[Opening DATA section]

text \<open>The orthogonal projector onto the kernel of a symmetric \<open>B\<close> makes \<open>B + P\<close> invertible,
  and \<open>(B + P)\<^sup>-\<^sup>1 - P\<close> is the pseudo-inverse.\<close>

lemma kernel_projector_exists:
  fixes B :: "real^'a^'a"
  shows "\<exists>P. transpose P = P \<and> P ** P = P \<and> B ** P = 0 \<and> (\<forall>v. B *v v = 0 \<longrightarrow> P *v v = v)"
proof -
  define K where "K = {v::real^'a. B *v v = 0}"
  have "subspace K" unfolding K_def subspace_def
    by (simp add: matrix_vector_right_distrib matrix_vector_mult_scaleR)
  then obtain Bs where Bs: "Bs \<subseteq> K" "pairwise orthogonal Bs" "\<And>x. x \<in> Bs \<Longrightarrow> norm x = 1"
    "independent Bs" "span Bs = K"
    by (metis orthonormal_basis_subspace)
  have fin: "finite Bs" using Bs(4) independent_imp_finite by blast
  define P :: "real^'a^'a" where "P = (\<chi> i j. \<Sum>b\<in>Bs. b$i * b$j)"
  have Pv: "P *v v = (\<Sum>b\<in>Bs. (v \<bullet> b) *\<^sub>R b)" for v
    unfolding P_def
    by (simp add: vec_eq_iff matrix_vector_mult_def inner_vec_def sum_component sum_distrib_left
        sum_distrib_right sum.swap[of _ Bs] mult_ac)
  have PK: "P *v v \<in> K" for v
    unfolding Pv using Bs(1,5) by (metis (no_types, lifting) span_base span_scale span_sum)
  have PKid: "v \<in> K \<Longrightarrow> P *v v = v" for v
    unfolding Pv using orthonormal_basis_expand[OF Bs(2,3) _ fin] Bs(5) by auto
  have "transpose P = P" unfolding P_def by (simp add: vec_eq_iff transpose_def mult.commute)
  moreover have "P ** P = P"
    by (rule matrix_eqI) (use PK PKid in \<open>simp add: matrix_vector_mul_assoc[symmetric]\<close>)
  moreover have "B ** P = 0"
    by (rule matrix_eqI) (use PK in \<open>simp add: matrix_vector_mul_assoc[symmetric] K_def\<close>)
  ultimately show ?thesis using PKid K_def by blast
qed

lemma is_pinv_symmetric_exists:
  fixes B :: "real^'a^'a"
  assumes sym: "transpose B = B"
  shows "\<exists>X. is_pinv B X"
proof -
  obtain P where Psym: "transpose P = P" and PP: "P ** P = P" and BP: "B ** P = 0"
    and Pker: "\<And>v. B *v v = 0 \<Longrightarrow> P *v v = v"
    using kernel_projector_exists[of B] by blast
  have PB: "P ** B = 0"
    using BP by (metis Psym matrix_transpose_mul sym transpose_zero)
  have "v = 0" if "(B + P) *v v = 0" for v
  proof -
    have "P *v v = P *v ((B + P) *v v)"
      by (simp add: matrix_vector_mul_assoc matrix_add_ldistrib PB PP)
    with that have "P *v v = 0" by simp
    with that have "B *v v = 0" by (simp add: matrix_vector_mult_add_rdistrib)
    with Pker \<open>P *v v = 0\<close> show "v = 0" by simp
  qed
  then obtain C where CBP: "C ** (B + P) = mat 1"
    using matrix_left_invertible_ker[of "B + P"] by blast
  then have BPC: "(B + P) ** C = mat 1" using matrix_left_right_inverse by blast
  have PC: "P ** C = P"
    using arg_cong[OF BPC, of "\<lambda>M. P ** M"]
    by (simp add: matrix_mul_assoc matrix_add_ldistrib PB PP)
  have CP: "C ** P = P"
    using arg_cong[OF CBP, of "\<lambda>M. M ** P"]
    by (simp add: matrix_mul_assoc[symmetric] matrix_add_rdistrib BP PP)
  define X where "X = C - P"
  have BX: "B ** X = mat 1 - P"
    using BPC by (simp add: X_def matrix_diff_ldistrib matrix_add_rdistrib PC BP algebra_simps)
  have XB: "X ** B = mat 1 - P"
    using CBP by (simp add: X_def matrix_diff_rdistrib matrix_add_ldistrib CP PB algebra_simps)
  have "is_pinv B X" unfolding is_pinv_def
    by (simp add: BX XB matrix_diff_rdistrib matrix_diff_ldistrib transpose_diff PB PP PC Psym
        X_def[symmetric] flip: matrix_mul_assoc) (simp add: X_def matrix_diff_ldistrib PP PC)
  then show ?thesis ..
qed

[Closing DATA section]

# YOUR OBJECTIVE
Set down, from the entries above, exactly the lines from the one with "unfolding Pv using orthonormal_basis_expand[OF" up to and including the one with "matrix_left_right_inverse by blast", and no other lines.

# ANSWER SPACE
    unfolding Pv using orthonormal_basis_expand[OF Bs(2,3) _ fin] Bs(5) by auto
  have "transpose P = P" unfolding P_def by (simp add: vec_eq_iff transpose_def mult.commute)
  moreover have "P ** P = P"
    by (rule matrix_eqI) (use PK PKid in \<open>simp add: matrix_vector_mul_assoc[symmetric]\<close>)
  moreover have "B ** P = 0"
    by (rule matrix_eqI) (use PK in \<open>simp add: matrix_vector_mul_assoc[symmetric] K_def\<close>)
  ultimately show ?thesis using PKid K_def by blast
qed

lemma is_pinv_symmetric_exists:
  fixes B :: "real^'a^'a"
  assumes sym: "transpose B = B"
  shows "\<exists>X. is_pinv B X"
proof -
  obtain P where Psym: "transpose P = P" and PP: "P ** P = P" and BP: "B ** P = 0"
    and Pker: "\<And>v. B *v v = 0 \<Longrightarrow> P *v v = v"
    using kernel_projector_exists[of B] by blast
  have PB: "P ** B = 0"
    using BP by (metis Psym matrix_transpose_mul sym transpose_zero)
  have "v = 0" if "(B + P) *v v = 0" for v
  proof -
    have "P *v v = P *v ((B + P) *v v)"
      by (simp add: matrix_vector_mul_assoc matrix_add_ldistrib PB PP)
    with that have "P *v v = 0" by simp
    with that have "B *v v = 0" by (simp add: matrix_vector_mult_add_rdistrib)
    with Pker \<open>P *v v = 0\<close> show "v = 0" by simp
  qed
  then obtain C where CBP: "C ** (B + P) = mat 1"
    using matrix_left_invertible_ker[of "B + P"] by blast
  then have BPC: "(B + P) ** C = mat 1" using matrix_left_right_inverse by blast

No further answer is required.